### Exercise
Give the number of lines in these entries that contain "metis", and nothing more.

____________

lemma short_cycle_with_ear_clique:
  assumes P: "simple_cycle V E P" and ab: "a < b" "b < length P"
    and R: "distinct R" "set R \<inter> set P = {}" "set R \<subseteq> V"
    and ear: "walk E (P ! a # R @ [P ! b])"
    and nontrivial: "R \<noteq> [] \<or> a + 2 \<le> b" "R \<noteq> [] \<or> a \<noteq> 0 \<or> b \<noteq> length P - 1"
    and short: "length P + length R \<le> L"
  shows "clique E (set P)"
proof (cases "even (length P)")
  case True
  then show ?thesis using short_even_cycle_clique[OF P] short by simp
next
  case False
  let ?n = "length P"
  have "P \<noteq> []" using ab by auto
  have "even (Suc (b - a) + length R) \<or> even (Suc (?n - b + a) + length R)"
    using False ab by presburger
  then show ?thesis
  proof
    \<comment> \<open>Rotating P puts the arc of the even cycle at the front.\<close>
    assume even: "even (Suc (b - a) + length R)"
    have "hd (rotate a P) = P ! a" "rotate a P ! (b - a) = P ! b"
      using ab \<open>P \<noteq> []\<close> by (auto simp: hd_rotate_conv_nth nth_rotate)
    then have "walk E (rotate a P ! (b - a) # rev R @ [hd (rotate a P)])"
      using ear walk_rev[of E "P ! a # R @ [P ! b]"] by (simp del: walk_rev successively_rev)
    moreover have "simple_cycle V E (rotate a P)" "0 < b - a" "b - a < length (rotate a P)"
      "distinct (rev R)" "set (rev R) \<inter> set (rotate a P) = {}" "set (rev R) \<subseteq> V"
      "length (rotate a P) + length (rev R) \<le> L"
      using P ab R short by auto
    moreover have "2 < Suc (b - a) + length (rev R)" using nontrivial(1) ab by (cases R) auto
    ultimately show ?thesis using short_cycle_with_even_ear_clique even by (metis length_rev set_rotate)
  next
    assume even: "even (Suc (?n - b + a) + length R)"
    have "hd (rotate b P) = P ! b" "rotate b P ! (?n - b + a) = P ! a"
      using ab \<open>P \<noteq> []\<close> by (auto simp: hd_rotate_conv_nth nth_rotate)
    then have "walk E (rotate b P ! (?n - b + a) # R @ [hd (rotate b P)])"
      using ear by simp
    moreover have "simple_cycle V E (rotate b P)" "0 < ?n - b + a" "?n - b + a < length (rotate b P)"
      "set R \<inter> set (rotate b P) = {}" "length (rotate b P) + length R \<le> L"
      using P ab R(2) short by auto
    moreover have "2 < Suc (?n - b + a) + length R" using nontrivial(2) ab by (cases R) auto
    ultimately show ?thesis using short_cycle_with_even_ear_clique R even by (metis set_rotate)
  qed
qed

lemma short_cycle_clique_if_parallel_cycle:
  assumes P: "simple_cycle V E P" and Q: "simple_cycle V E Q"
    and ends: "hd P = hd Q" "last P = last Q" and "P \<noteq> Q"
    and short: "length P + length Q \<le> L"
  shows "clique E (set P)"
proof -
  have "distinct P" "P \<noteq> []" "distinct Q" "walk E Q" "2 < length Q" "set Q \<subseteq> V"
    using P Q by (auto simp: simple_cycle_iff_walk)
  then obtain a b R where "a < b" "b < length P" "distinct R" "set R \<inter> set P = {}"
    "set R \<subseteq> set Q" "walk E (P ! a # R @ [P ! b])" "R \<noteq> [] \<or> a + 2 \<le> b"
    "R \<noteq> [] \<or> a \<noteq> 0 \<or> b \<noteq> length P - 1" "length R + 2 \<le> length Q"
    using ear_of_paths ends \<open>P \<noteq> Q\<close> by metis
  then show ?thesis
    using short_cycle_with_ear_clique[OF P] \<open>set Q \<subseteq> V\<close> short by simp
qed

____________

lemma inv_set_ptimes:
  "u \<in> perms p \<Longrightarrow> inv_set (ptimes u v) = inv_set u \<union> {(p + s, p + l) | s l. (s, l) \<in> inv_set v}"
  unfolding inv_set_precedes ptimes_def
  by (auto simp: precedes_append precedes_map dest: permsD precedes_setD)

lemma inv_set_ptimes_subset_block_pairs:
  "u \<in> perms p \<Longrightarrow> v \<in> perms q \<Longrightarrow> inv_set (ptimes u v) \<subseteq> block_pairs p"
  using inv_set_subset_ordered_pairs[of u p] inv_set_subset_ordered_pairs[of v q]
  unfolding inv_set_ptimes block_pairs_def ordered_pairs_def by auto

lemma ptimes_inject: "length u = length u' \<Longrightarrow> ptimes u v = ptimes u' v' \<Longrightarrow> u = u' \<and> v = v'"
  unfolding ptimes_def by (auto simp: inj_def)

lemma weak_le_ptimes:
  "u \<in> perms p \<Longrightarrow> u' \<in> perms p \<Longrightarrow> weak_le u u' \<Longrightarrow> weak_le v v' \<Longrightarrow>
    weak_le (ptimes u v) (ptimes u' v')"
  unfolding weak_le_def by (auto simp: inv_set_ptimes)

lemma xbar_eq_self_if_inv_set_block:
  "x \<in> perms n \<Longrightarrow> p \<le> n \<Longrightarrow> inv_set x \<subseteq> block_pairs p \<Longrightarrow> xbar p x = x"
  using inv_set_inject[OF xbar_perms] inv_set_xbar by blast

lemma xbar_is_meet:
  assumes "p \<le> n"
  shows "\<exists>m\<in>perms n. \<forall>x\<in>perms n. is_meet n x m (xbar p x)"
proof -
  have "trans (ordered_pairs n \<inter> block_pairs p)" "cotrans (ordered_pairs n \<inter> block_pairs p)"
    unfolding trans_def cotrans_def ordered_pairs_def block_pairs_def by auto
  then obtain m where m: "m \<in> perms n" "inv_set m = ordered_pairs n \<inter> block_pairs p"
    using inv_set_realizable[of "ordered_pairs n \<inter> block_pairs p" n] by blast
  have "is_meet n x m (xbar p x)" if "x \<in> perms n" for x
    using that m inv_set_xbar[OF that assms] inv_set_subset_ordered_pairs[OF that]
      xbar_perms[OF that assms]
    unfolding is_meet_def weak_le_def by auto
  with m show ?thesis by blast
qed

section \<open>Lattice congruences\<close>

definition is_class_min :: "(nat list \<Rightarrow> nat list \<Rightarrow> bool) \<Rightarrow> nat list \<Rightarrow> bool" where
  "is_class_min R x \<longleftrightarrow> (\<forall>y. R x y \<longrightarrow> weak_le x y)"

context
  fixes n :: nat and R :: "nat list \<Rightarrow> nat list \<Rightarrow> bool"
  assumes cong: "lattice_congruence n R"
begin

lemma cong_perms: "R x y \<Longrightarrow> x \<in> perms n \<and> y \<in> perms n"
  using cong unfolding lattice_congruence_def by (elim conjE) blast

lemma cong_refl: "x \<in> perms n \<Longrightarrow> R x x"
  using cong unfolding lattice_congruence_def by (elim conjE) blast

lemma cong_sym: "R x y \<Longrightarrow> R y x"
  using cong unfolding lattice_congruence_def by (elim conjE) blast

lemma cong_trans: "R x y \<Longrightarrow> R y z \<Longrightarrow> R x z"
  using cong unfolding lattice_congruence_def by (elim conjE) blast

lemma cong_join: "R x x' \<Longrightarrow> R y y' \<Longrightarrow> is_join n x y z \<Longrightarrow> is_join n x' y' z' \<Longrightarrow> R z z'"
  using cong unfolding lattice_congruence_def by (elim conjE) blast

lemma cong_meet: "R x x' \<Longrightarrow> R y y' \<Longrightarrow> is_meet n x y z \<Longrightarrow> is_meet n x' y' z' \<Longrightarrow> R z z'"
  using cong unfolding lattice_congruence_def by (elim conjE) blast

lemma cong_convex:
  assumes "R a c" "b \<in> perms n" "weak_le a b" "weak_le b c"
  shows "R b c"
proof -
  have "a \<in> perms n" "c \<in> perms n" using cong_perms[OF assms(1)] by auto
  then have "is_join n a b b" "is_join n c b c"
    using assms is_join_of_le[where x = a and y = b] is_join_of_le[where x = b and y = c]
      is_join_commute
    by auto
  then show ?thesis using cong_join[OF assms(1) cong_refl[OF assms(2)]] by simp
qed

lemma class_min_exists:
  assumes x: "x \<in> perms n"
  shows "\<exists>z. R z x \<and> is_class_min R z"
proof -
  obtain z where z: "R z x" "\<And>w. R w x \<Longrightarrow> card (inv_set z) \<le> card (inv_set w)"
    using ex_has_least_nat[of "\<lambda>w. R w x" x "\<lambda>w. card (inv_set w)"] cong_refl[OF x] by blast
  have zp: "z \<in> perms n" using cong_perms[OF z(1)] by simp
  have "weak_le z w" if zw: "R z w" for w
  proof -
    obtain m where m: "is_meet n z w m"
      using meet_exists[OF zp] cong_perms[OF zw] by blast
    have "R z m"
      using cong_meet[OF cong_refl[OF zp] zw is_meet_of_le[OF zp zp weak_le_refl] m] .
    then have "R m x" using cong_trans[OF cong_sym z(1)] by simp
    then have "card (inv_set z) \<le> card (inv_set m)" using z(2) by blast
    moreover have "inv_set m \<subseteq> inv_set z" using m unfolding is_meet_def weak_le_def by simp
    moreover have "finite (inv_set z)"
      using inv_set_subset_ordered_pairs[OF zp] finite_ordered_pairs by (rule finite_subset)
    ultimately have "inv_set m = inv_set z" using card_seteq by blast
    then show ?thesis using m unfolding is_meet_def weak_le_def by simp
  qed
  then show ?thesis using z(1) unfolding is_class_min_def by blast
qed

____________

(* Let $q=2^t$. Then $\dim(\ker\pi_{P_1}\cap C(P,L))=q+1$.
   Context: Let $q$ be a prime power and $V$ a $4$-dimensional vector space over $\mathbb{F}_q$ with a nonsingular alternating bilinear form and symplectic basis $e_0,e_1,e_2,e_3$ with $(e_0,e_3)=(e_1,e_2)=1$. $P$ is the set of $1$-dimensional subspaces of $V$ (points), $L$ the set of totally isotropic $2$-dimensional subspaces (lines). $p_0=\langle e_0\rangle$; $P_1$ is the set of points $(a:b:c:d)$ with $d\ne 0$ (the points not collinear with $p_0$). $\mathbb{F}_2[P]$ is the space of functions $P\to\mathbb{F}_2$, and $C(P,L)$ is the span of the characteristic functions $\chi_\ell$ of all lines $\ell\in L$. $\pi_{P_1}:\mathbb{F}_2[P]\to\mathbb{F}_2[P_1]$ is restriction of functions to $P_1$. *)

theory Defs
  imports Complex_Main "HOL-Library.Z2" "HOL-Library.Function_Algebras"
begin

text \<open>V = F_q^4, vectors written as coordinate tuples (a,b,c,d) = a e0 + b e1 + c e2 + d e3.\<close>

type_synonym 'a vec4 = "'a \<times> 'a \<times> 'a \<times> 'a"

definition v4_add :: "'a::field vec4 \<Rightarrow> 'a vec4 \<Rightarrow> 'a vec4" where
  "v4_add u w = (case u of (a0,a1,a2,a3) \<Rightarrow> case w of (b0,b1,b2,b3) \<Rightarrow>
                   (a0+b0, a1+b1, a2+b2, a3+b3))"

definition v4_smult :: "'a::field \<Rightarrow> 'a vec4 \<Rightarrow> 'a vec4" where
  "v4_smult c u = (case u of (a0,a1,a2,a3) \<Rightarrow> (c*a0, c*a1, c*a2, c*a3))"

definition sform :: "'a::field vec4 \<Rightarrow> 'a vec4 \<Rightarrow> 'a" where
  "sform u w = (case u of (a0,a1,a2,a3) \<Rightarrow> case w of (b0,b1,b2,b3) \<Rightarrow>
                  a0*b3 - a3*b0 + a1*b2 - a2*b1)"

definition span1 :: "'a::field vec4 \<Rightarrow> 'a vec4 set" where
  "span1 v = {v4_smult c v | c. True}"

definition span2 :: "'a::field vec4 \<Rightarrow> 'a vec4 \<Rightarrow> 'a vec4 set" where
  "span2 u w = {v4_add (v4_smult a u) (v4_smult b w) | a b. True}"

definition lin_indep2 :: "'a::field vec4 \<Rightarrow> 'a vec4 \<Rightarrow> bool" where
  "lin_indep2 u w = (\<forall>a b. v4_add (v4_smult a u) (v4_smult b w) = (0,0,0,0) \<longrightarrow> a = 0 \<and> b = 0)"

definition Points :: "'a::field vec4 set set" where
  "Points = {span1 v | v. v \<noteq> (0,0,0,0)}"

____________

### Answer to this problem
3